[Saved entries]

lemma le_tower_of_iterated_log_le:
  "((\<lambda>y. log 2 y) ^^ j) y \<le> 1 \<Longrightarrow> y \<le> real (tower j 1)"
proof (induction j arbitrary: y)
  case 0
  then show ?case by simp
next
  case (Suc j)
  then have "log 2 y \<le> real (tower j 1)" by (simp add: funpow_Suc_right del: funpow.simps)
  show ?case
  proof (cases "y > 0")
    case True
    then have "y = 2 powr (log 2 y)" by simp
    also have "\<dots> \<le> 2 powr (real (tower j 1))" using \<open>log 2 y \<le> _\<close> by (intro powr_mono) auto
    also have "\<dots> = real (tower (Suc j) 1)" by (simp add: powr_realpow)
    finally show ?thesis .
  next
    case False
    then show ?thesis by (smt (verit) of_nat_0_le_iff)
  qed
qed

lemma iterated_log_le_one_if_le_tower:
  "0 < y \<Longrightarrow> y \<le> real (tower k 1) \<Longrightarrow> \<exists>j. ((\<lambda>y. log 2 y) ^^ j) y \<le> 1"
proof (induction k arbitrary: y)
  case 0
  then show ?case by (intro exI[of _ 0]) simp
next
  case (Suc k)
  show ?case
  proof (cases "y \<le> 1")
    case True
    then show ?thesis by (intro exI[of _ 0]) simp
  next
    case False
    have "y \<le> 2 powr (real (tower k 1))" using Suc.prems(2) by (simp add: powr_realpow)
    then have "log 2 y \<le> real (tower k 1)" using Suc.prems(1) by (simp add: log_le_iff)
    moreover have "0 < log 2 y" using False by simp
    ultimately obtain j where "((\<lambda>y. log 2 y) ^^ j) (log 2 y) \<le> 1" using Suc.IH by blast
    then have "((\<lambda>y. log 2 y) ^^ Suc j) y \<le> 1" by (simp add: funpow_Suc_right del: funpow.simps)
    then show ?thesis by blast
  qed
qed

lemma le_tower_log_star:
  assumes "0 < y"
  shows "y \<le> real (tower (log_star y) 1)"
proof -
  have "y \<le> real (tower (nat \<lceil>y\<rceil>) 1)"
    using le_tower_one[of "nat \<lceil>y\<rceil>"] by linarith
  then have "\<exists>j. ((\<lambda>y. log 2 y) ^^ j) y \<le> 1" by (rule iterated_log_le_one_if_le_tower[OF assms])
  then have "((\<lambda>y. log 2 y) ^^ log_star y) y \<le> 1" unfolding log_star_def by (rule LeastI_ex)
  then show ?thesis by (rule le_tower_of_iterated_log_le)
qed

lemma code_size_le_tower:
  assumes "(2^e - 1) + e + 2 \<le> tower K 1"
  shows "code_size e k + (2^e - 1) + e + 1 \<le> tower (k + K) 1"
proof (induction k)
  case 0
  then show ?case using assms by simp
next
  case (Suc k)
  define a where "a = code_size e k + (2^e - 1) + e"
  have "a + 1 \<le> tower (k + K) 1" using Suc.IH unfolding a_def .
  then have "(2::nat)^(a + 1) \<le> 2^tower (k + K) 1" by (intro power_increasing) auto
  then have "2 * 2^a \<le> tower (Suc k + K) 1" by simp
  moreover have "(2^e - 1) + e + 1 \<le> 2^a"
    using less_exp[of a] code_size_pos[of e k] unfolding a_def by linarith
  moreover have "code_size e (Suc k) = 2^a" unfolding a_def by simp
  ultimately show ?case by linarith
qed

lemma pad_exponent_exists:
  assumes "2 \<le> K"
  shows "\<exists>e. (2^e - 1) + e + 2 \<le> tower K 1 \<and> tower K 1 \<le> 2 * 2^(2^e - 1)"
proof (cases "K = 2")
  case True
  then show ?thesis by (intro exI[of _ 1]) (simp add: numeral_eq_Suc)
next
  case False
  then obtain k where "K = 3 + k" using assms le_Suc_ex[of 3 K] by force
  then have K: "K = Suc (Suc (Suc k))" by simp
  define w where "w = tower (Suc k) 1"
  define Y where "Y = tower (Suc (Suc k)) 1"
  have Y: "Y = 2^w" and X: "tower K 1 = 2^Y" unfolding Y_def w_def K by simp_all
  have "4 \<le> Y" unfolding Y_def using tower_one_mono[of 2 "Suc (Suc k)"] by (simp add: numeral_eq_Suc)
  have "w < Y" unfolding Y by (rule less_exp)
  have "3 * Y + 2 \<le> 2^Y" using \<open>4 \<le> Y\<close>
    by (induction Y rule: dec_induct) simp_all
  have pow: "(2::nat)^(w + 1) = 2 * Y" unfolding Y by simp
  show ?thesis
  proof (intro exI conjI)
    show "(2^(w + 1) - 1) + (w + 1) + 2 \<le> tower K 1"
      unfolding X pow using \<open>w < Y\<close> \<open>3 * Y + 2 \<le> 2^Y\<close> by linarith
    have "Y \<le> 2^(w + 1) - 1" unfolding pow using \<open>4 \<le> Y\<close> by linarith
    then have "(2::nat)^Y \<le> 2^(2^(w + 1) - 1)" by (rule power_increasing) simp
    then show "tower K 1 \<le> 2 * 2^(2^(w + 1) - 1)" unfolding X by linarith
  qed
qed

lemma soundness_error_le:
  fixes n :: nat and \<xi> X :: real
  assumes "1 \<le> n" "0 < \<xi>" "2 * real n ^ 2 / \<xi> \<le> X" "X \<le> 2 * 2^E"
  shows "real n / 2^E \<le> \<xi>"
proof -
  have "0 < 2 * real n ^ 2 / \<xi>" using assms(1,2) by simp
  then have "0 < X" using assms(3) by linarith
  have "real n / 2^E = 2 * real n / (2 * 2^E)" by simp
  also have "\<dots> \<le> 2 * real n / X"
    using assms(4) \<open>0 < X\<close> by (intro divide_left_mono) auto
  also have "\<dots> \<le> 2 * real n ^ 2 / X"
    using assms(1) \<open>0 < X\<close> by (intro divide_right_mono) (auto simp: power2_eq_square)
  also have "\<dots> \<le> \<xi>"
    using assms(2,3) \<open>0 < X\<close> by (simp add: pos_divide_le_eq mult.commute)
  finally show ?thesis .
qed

...

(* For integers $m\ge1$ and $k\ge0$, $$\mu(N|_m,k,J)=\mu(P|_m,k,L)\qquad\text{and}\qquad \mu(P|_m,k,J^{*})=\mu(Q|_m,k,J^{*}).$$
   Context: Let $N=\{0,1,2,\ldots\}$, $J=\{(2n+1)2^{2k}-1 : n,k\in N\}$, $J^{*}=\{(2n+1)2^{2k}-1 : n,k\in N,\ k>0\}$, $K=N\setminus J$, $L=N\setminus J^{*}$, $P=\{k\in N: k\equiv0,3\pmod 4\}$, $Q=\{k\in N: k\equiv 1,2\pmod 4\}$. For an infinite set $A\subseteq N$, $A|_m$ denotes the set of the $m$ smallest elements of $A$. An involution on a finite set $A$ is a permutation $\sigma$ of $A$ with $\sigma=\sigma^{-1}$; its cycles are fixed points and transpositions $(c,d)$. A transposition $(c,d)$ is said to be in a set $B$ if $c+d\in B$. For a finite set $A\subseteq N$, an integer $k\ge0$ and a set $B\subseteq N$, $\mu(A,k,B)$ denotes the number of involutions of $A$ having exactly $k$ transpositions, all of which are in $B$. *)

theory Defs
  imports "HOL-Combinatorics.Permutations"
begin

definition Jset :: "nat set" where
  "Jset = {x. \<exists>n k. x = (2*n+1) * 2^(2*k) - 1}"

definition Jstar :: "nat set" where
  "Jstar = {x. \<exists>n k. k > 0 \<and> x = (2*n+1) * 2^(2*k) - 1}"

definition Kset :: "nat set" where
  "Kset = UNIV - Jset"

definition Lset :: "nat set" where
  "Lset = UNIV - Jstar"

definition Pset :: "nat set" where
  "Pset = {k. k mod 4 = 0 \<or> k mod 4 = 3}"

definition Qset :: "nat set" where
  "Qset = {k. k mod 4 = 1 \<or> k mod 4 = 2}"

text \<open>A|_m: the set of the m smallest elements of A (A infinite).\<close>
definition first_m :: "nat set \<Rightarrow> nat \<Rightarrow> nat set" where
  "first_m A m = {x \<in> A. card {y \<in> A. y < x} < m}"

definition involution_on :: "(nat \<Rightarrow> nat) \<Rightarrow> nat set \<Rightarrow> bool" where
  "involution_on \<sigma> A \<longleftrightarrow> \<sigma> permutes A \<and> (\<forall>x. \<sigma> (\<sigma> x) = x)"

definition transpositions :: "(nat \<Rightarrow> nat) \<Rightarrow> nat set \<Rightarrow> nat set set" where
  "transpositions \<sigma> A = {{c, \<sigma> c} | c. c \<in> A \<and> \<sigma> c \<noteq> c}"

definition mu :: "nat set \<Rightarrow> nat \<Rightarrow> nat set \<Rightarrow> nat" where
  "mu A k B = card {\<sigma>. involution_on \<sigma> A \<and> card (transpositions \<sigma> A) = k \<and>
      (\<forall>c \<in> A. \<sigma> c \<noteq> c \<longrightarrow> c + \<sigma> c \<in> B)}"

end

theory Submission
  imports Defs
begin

--

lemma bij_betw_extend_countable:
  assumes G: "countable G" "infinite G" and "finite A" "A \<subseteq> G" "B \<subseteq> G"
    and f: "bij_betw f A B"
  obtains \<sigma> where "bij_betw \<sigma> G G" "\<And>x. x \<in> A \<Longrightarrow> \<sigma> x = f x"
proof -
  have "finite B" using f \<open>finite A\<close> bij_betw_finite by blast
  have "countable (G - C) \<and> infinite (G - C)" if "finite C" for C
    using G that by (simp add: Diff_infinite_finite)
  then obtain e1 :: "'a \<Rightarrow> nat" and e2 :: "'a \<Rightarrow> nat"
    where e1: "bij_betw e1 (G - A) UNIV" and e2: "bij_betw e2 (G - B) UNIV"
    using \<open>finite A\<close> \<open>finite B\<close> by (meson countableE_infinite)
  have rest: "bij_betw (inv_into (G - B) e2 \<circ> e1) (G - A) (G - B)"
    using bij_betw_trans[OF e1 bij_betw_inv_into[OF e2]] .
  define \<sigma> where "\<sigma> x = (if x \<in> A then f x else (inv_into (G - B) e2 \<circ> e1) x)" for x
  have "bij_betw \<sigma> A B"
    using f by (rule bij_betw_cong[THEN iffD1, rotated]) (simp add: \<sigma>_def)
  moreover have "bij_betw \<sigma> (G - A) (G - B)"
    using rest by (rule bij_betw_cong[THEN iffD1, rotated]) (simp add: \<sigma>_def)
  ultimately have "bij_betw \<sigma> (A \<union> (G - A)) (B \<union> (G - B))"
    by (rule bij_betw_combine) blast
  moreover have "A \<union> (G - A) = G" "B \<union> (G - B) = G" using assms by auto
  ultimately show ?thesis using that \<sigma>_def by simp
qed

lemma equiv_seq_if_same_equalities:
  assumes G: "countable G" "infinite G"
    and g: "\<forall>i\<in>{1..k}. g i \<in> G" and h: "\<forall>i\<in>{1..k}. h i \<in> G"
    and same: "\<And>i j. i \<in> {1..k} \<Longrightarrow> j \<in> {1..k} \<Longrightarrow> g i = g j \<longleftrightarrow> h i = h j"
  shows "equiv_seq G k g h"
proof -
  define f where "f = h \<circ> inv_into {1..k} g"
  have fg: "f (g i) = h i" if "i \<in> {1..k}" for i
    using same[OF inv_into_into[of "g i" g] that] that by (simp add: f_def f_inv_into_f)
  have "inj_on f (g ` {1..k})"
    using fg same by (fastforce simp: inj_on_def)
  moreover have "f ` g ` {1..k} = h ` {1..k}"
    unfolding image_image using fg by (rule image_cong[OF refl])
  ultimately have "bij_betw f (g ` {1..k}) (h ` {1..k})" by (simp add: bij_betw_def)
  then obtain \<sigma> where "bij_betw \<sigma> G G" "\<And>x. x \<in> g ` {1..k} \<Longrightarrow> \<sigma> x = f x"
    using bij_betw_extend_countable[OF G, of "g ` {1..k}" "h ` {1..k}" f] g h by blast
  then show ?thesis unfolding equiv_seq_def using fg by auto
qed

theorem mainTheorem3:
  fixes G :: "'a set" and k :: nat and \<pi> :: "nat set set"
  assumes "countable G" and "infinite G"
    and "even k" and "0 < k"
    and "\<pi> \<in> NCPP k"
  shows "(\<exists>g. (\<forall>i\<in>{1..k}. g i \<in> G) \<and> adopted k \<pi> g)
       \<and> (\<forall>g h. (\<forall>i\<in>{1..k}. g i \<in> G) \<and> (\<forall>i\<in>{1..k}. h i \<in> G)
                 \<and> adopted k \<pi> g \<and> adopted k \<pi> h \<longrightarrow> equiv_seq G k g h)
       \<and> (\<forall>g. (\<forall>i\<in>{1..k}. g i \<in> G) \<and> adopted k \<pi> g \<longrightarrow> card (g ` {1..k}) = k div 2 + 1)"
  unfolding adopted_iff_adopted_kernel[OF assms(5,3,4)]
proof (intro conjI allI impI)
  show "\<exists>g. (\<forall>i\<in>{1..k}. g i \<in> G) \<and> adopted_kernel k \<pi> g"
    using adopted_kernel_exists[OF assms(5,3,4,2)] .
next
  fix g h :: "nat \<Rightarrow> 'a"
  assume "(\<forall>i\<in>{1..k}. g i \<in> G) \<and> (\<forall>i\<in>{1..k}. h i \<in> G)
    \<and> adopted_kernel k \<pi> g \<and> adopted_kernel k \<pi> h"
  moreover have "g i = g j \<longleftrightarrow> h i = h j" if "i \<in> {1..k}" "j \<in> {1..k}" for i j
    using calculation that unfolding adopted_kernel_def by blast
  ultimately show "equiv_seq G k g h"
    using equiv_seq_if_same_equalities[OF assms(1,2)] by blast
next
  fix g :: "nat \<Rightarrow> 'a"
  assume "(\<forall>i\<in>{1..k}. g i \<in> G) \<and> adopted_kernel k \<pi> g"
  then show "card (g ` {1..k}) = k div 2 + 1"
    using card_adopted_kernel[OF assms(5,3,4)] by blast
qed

# Exercise brief
Using the data above, print exactly the lines from the line that contains "(simp add: bij_betw_def)" through the line that contains "then obtain \<sigma>", with both included.

# Exercise solution
  ultimately have "bij_betw f (g ` {1..k}) (h ` {1..k})" by (simp add: bij_betw_def)
  then obtain \<sigma> where "bij_betw \<sigma> G G" "\<And>x. x \<in> g ` {1..k} \<Longrightarrow> \<sigma> x = f x"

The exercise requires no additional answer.